However, from there the band retreated. Guitarist Christian Savill and bassist Nick Chaplin eventually feuded with band leader Neil Halstead, them leaving during the recording of Pygmalion over the overabundance of electronics in the production, and Halstead himself having a sort of allergic reaction to the electronics and retiring into the world of folk rock.

Slowdive pointed at something wonderful and brilliant, but never really did anything with that information. A few artists since then have come pretty close to actualizing the dream that the In Mind remixes EP hints at: Bowery Electric on Beat, much of the work of Project Skyward, and The Bows all come pretty close. Mallory, however, live the dream. They fulfill it.

Mallory are what Slowdive would have sounded like had they embraced rather than ran screaming in terror from electronic production. Judging from their website (warning, it's in German!), they are a 4-piece and almost every member is credited with "programming" (apparently that word is a direct cognate into German. who knew?) However, if you look at the photos ("Bilder"), you see them holding instruments on stage somewhere and being rockers. So i dunno. I would have thought this a more electronic band than that, but maybe it is just the production of this album that leads me to believe that.

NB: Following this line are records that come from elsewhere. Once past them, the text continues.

lemma second_derivative_symmetric:
  fixes u :: "'a::real_normed_vector \<Rightarrow> real"
  assumes Du: "\<And>z. (u has_derivative Du z) (at z)"
    and D2u: "\<And>z v. ((\<lambda>w. Du w v) has_derivative (\<lambda>h. D2u z h v)) (at z)"
    and cont: "\<And>h v. continuous_on UNIV (\<lambda>z. D2u z h v)"
  shows "D2u z a b = D2u z b a"
proof -
  define t where "t n = 1 / real (Suc n)" for n
  define C where "C = norm a + norm b"
  have "\<exists>\<xi> \<eta>. norm (\<xi> - z) \<le> t n * C \<and> norm (\<eta> - z) \<le> t n * C \<and> D2u \<xi> b a = D2u \<eta> a b" for n
  proof -
    have t: "t n > 0" by (simp add: t_def)
    obtain \<xi> where \<xi>: "norm (\<xi> - z) \<le> t n * C"
      "u (z + t n *\<^sub>R a + t n *\<^sub>R b) - u (z + t n *\<^sub>R a) - u (z + t n *\<^sub>R b) + u z = (t n)\<^sup>2 * D2u \<xi> b a"
      using second_difference_mean_value[OF Du D2u t] unfolding C_def by blast
    obtain \<eta> where \<eta>: "norm (\<eta> - z) \<le> t n * C"
      "u (z + t n *\<^sub>R b + t n *\<^sub>R a) - u (z + t n *\<^sub>R b) - u (z + t n *\<^sub>R a) + u z = (t n)\<^sup>2 * D2u \<eta> a b"
      using second_difference_mean_value[OF Du D2u t] unfolding C_def by (metis add.commute)
    have "D2u \<xi> b a = D2u \<eta> a b"
      using \<xi>(2) \<eta>(2) t by (simp add: algebra_simps)
    then show ?thesis using \<xi>(1) \<eta>(1) by blast
  qed
  then obtain \<xi> \<eta> where \<xi>\<eta>: "\<And>n. norm (\<xi> n - z) \<le> t n * C" "\<And>n. norm (\<eta> n - z) \<le> t n * C"
    "\<And>n. D2u (\<xi> n) b a = D2u (\<eta> n) a b"
    by metis
  have tC: "(\<lambda>n. t n * C) \<longlonglongrightarrow> 0"
    unfolding t_def using tendsto_mult_left_zero[OF LIMSEQ_inverse_real_of_nat]
    by (simp add: inverse_eq_divide)
  have "(\<lambda>n. \<xi> n - z) \<longlonglongrightarrow> 0" "(\<lambda>n. \<eta> n - z) \<longlonglongrightarrow> 0"
    by (rule Lim_null_comparison[OF always_eventually tC], use \<xi>\<eta> in blast)+
  then have "\<xi> \<longlonglongrightarrow> z" "\<eta> \<longlonglongrightarrow> z"
    by (simp_all add: LIM_zero_iff)
  then have "(\<lambda>n. D2u (\<xi> n) b a) \<longlonglongrightarrow> D2u z b a" "(\<lambda>n. D2u (\<eta> n) a b) \<longlonglongrightarrow> D2u z a b"
    by (auto intro: continuous_on_tendsto_compose[OF cont])
  then have "(\<lambda>n. D2u (\<xi> n) b a) \<longlonglongrightarrow> D2u z a b"
    by (simp add: \<xi>\<eta>(3))
  with \<open>(\<lambda>n. D2u (\<xi> n) b a) \<longlonglongrightarrow> D2u z b a\<close> show ?thesis
    by (rule LIMSEQ_unique[symmetric])
qed

lemma linear_eq_Re_Im:
  fixes L :: "complex \<Rightarrow> real"
  assumes "linear L"
  shows "L h = Re h * L 1 + Im h * L \<i>"
proof -
  have "h = Re h *\<^sub>R 1 + Im h *\<^sub>R \<i>"
    by (simp add: complex_eq_iff)
  then have "L h = L (Re h *\<^sub>R 1 + Im h *\<^sub>R \<i>)"
    by simp
  also have "\<dots> = Re h * L 1 + Im h * L \<i>"
    using assms by (simp add: linear_add linear_cmul)
  finally show ?thesis .
qed

text \<open>The conjugated gradient \<open>u\<^sub>x - \<i> u\<^sub>y\<close> satisfies the Cauchy--Riemann equations by
  the Laplace equation and the symmetry of second derivatives, so it has a holomorphic primitive,
  whose real part differs from \<open>u\<close> by a constant.\<close>
lemma harmonic_imp_Re_entire:
  assumes "harmonic u"
  obtains f where "f holomorphic_on UNIV" "\<And>z. Re (f z) = u z"
proof -
  obtain Du D2u where Du: "\<And>z. (u has_derivative Du z) (at z)"
    and D2u: "\<And>z v. ((\<lambda>w. Du w v) has_derivative (\<lambda>h. D2u z h v)) (at z)"
    and cont: "\<And>h v. continuous_on UNIV (\<lambda>z. D2u z h v)"
    and Laplace: "\<And>z. D2u z 1 1 + D2u z \<i> \<i> = 0"
    using assms unfolding harmonic_def by blast
  define F where "F z = of_real (Du z 1) - \<i> * of_real (Du z \<i>)" for z
  have "(F has_field_derivative (of_real (D2u z 1 1) - \<i> * of_real (D2u z 1 \<i>))) (at z)" for z
  proof -
    have d: "(F has_derivative (\<lambda>h. of_real (D2u z h 1) - \<i> * of_real (D2u z h \<i>))) (at z)"
      unfolding F_def by (auto intro!: derivative_eq_intros D2u)
    have lin: "linear (\<lambda>h. D2u z h 1)" "linear (\<lambda>h. D2u z h \<i>)"
      using D2u has_derivative_linear by blast+
    have sym: "D2u z \<i> 1 = D2u z 1 \<i>"
      by (rule second_derivative_symmetric[OF Du D2u cont])
    have Laplace': "D2u z \<i> \<i> = - D2u z 1 1"
      using Laplace[of z] by linarith
    have "(\<lambda>h. of_real (D2u z h 1) - \<i> * of_real (D2u z h \<i>)) =
          (*) (of_real (D2u z 1 1) - \<i> * of_real (D2u z 1 \<i>))"
    proof
      fix h
      show "of_real (D2u z h 1) - \<i> * of_real (D2u z h \<i>) =
          (of_real (D2u z 1 1) - \<i> * of_real (D2u z 1 \<i>)) * h"
        using linear_eq_Re_Im[OF lin(1), of h] linear_eq_Re_Im[OF lin(2), of h] sym Laplace'
        by (simp add: complex_eq_iff algebra_simps)
    qed
    then show ?thesis
      using d by (simp add: has_field_derivative_def)
  qed
  then have "F holomorphic_on UNIV"
    by (auto simp: holomorphic_on_open)
  then obtain g where g: "\<And>z. (g has_field_derivative F z) (at z)"
    using holomorphic_convex_primitive'[OF convex_UNIV open_UNIV] by auto
  have "((\<lambda>z. u z - Re (g z)) has_derivative (\<lambda>h. 0)) (at z within UNIV)" for z
  proof -
    have "((\<lambda>z. u z - Re (g z)) has_derivative (\<lambda>h. Du z h - Re (F z * h))) (at z)"
      using g[of z] unfolding has_field_derivative_def by (auto intro!: derivative_eq_intros Du)
    moreover have "Du z h - Re (F z * h) = 0" for h
      using linear_eq_Re_Im[OF has_derivative_linear[OF Du], of z h] by (simp add: F_def)
    ultimately show ?thesis by simp
  qed
  then have "\<exists>c. \<forall>z\<in>UNIV. u z - Re (g z) = c"
    by (intro has_derivative_zero_constant[OF convex_UNIV])
  then obtain c where c: "\<And>z. u z - Re (g z) = c"
    by blast
  have "g holomorphic_on UNIV"
    using g by (auto simp: holomorphic_on_open)
  then have "(\<lambda>z. g z + of_real c) holomorphic_on UNIV"
    by (intro holomorphic_intros)
  moreover have "Re (g z + of_real c) = u z" for z
    using c[of z] by simp
  ultimately show ?thesis by (rule that)
qed

section \<open>Harnack, Borel--Caratheodory and Liouville\<close>

lemma connected_nonvanishing_imp_pos:
  fixes u :: "'a::topological_space \<Rightarrow> real"
  assumes "connected S" "continuous_on S u" "\<And>y. y \<in> S \<Longrightarrow> u y \<noteq> 0"
    and "x \<in> S" "u x > 0" "y \<in> S"
  shows "u y > 0"
proof (rule ccontr)
  assume "\<not> u y > 0"
  have "connected (u ` S)"
    using assms(1,2) by (rule connected_continuous_image[rotated])
  then have "0 \<in> u ` S"
    unfolding connected_iff_interval using \<open>\<not> u y > 0\<close> assms(4-6) by (meson imageI less_le not_le)
  then show False
    using assms(3) by auto
qed

lemma Schwarz_Lemma_ball:
  fixes \<phi> :: "complex \<Rightarrow> complex"
  assumes hol: "\<phi> holomorphic_on ball c R" and "\<phi> c = 0"
    and lt1: "\<And>x. x \<in> ball c R \<Longrightarrow> norm (\<phi> x) < 1" and p: "p \<in> ball c R"
  shows "norm (\<phi> p) * R \<le> dist c p"
proof -
  have R: "R > 0"
    using le_less_trans[OF zero_le_dist p[unfolded mem_ball]] .
  define \<psi> where "\<psi> \<xi> = \<phi> (c + of_real R * \<xi>)" for \<xi>
  have inb: "c + of_real R * \<xi> \<in> ball c R" if "norm \<xi> < 1" for \<xi>
    using that R by (simp add: dist_norm norm_mult)
  have "\<psi> holomorphic_on ball 0 1"
    unfolding \<psi>_def
    by (rule holomorphic_on_compose_gen[OF _ hol, unfolded o_def]) (auto intro!: holomorphic_intros inb)
  moreover have "\<psi> 0 = 0"
    using \<open>\<phi> c = 0\<close> by (simp add: \<psi>_def)
  moreover have "\<And>\<xi>. norm \<xi> < 1 \<Longrightarrow> norm (\<psi> \<xi>) < 1"
    unfolding \<psi>_def using lt1 inb by blast
  moreover have "norm ((p - c) / of_real R) < 1"
    using p R by (simp add: dist_norm norm_divide norm_minus_commute)
  ultimately have "norm (\<psi> ((p - c) / of_real R)) \<le> norm ((p - c) / of_real R)"
    by (rule Schwarz_Lemma(1))
  then show ?thesis
    using R by (simp add: \<psi>_def dist_norm norm_divide norm_minus_commute field_simps)
qed

lemma norm_diff_of_real_less_norm_add:
  fixes q :: complex
  assumes "Re q > 0" "a > 0"
  shows "norm (q - of_real a) < norm (q + of_real a)"
proof -
  have "(Re q - a)\<^sup>2 + (Im q)\<^sup>2 < (Re q + a)\<^sup>2 + (Im q)\<^sup>2"
    using assms by (simp add: power2_eq_square algebra_simps)
  then have "(norm (q - of_real a))\<^sup>2 < (norm (q + of_real a))\<^sup>2"
    by (simp add: cmod_power2)
  then show ?thesis
    by (simp add: power_less_imp_less_base)
qed

lemma Re_lower_bound_of_Cayley:
  fixes q :: complex
  assumes "Re q > 0" "a > 0" "t \<le> 1" and Cayley: "norm (q - of_real a) \<le> t * norm (q + of_real a)"
  shows "a - Re q \<le> t * (Re q + a)"
proof -
  have "0 < Re (q + of_real a)"
    using assms(1,2) by simp
  then have "0 < norm (q + of_real a)"
    using complex_Re_le_cmod order_less_le_trans by blast
  then have t: "t \<ge> 0"
    using order_trans[OF norm_ge_zero Cayley] by (simp add: zero_le_mult_iff)
  have "(norm (q - of_real a))\<^sup>2 \<le> (t * norm (q + of_real a))\<^sup>2"
    by (rule power_mono[OF Cayley norm_ge_zero])
  then have "(Re q - a)\<^sup>2 + (Im q)\<^sup>2 \<le> t\<^sup>2 * (Re q + a)\<^sup>2 + t\<^sup>2 * (Im q)\<^sup>2"
    by (simp add: cmod_power2 power_mult_distrib distrib_left)
  moreover have "t\<^sup>2 * (Im q)\<^sup>2 \<le> (Im q)\<^sup>2"
    using t \<open>t \<le> 1\<close> by (simp add: mult_left_le_one_le power_le_one)
  moreover have "(t * (Re q + a))\<^sup>2 = t\<^sup>2 * (Re q + a)\<^sup>2" "(a - Re q)\<^sup>2 = (Re q - a)\<^sup>2"
    by (simp_all add: power_mult_distrib power2_commute)
  ultimately have "(a - Re q)\<^sup>2 \<le> (t * (Re q + a))\<^sup>2"
    by linarith
  then show ?thesis
    by (rule power2_le_imp_le) (use t assms(1,2) in simp)
qed

text \<open>The proof maps the right half-plane onto the unit disc by a Cayley transform and
  applies the Schwarz lemma.\<close>
lemma Harnack_inequality:
  fixes f :: "complex \<Rightarrow> complex"
  assumes hol: "f holomorphic_on ball w d" and pos: "\<And>x. x \<in> ball w d \<Longrightarrow> Re (f x) > 0"
    and p: "p \<in> ball w d"
  shows "Re (f w) * (d - dist w p) \<le> Re (f p) * (d + dist w p)"
proof -
  have w: "w \<in> ball w d"
    using le_less_trans[OF zero_le_dist p[unfolded mem_ball]] by simp
  define a where "a = Re (f w)"
  have a: "a > 0"
    using pos[OF w] by (simp add: a_def)
  define g where "g x = f x - \<i> * of_real (Im (f w))" for x
  have Re_g: "Re (g x) = Re (f x)" for x
    by (simp add: g_def)
  define \<phi> where "\<phi> x = (g x - of_real a) / (g x + of_real a)" for x
  have nz: "g x + of_real a \<noteq> 0" if "x \<in> ball w d" for x
    using pos[OF that] a Re_g[of x] by (auto simp: complex_eq_iff)
  have "\<phi> holomorphic_on ball w d"
    unfolding \<phi>_def using nz unfolding g_def by (intro holomorphic_intros hol) auto
  moreover have "g w = of_real a"
    by (simp add: g_def a_def complex_eq_iff)
  then have "\<phi> w = 0"
    by (simp add: \<phi>_def)
  moreover have lt1: "norm (\<phi> x) < 1" if "x \<in> ball w d" for x
    using norm_diff_of_real_less_norm_add[of "g x" a] pos[OF that] Re_g a nz[OF that]
    by (simp add: \<phi>_def norm_divide divide_less_eq)
  ultimately have Schwarz: "norm (\<phi> p) * d \<le> dist w p"
    using p by (rule Schwarz_Lemma_ball)
  have d: "d > 0"
    using w by simp
  have "a - Re (g p) \<le> norm (\<phi> p) * (Re (g p) + a)"
    using nz[OF p] pos[OF p] Re_g a lt1[OF p]
    by (intro Re_lower_bound_of_Cayley) (auto simp: \<phi>_def norm_divide)
  then have "d * (a - Re (g p)) \<le> d * (norm (\<phi> p) * (Re (g p) + a))"
    using d by (intro mult_left_mono) auto
  also have "\<dots> = (norm (\<phi> p) * d) * (Re (g p) + a)"
    by simp
  also have "\<dots> \<le> dist w p * (Re (g p) + a)"
    using Schwarz pos[OF p] Re_g a by (intro mult_right_mono) auto
  finally show ?thesis
    by (simp add: a_def Re_g algebra_simps)
qed

lemma Harnack_inequality_abs_Re:
  fixes f :: "complex \<Rightarrow> complex"
  assumes hol: "f holomorphic_on ball w d" and nz: "\<And>x. x \<in> ball w d \<Longrightarrow> Re (f x) \<noteq> 0"
    and p: "p \<in> ball w d"
  shows "\<bar>Re (f w)\<bar> * (d - dist w p) \<le> \<bar>Re (f p)\<bar> * (d + dist w p)"
proof -
  have w: "w \<in> ball w d"
    using le_less_trans[OF zero_le_dist p[unfolded mem_ball]] by simp
  have cont: "continuous_on (ball w d) (\<lambda>x. Re (f x))" "continuous_on (ball w d) (\<lambda>x. - Re (f x))"
    using holomorphic_on_imp_continuous_on[OF hol] by (auto intro!: continuous_intros)
  show ?thesis
  proof (cases "Re (f w) > 0")
    case True
    then have pos: "Re (f x) > 0" if "x \<in> ball w d" for x
      using connected_nonvanishing_imp_pos[OF connected_ball cont(1)] nz w that by blast
    then show ?thesis
      using Harnack_inequality[OF hol pos p] True pos[OF p] by simp
  next
    case False
    then have "- Re (f w) > 0"
      using nz[OF w] by simp
    then have neg: "Re (- f x) > 0" if "x \<in> ball w d" for x
      using connected_nonvanishing_imp_pos[OF connected_ball cont(2), of w x] nz w that by simp
    have "(\<lambda>x. - f x) holomorphic_on ball w d"
      using hol by (intro holomorphic_intros)
    then show ?thesis
      using Harnack_inequality[OF _ neg p] False neg[OF p] by simp
  qed
qed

The production on this album is shiny smooth. The beats are groovey and the bass is sultry. A low keyboard drone burbles under most everything, and that plus the scattered nature of the rhythm led/leads me to believe that this is an electronic band.

Who knows? Who cares?

The point is this: Outerbeats is a wonderful achievement. It fits neatly within the small and, in my opinion, underdeveloped genre of electro-shoegaze. If you like that stuff, coming at it either from the synthpop side of things or the shoegaze side of things, then you should check this album out. Really.

A few tracks stand out: Xirius Polar Station is an amazing instrumental that simmers along in mid-tempo electronic funkitude. The Choice You Have and, especially, I Can't Stand, would have been at home on Pygmalion, with their male/female vocal harmonies and delicious guitarwork. Argo Night Shuttle is another stunning piece of remixed shoegazer goodness, with effected guitars and funky beats.

One thing i find interesting is the vocals on Three Elements (Watamu Remix), which ends the album. This is a nice dance electro sounding remix of a song not on the album, and for the first time on the album the vocals actually have a hint of an accent. That is, despite the German nature of the band, you wouldn't know from (most of) the singing. Here though, Daniela Neuhäuser sounds quite German, her crisply accent English adding a slight flavor to the vocals. Otherwise, neither her nor Jörg Köhler sing with an accent. I find that really wierd, and yet it often happens that European bands sing, in English, without an accent. Why is that? Is it that they are affecting an American Accent in their singing, like certain bands affect a British accent, and thus i don't notice? Hmmm....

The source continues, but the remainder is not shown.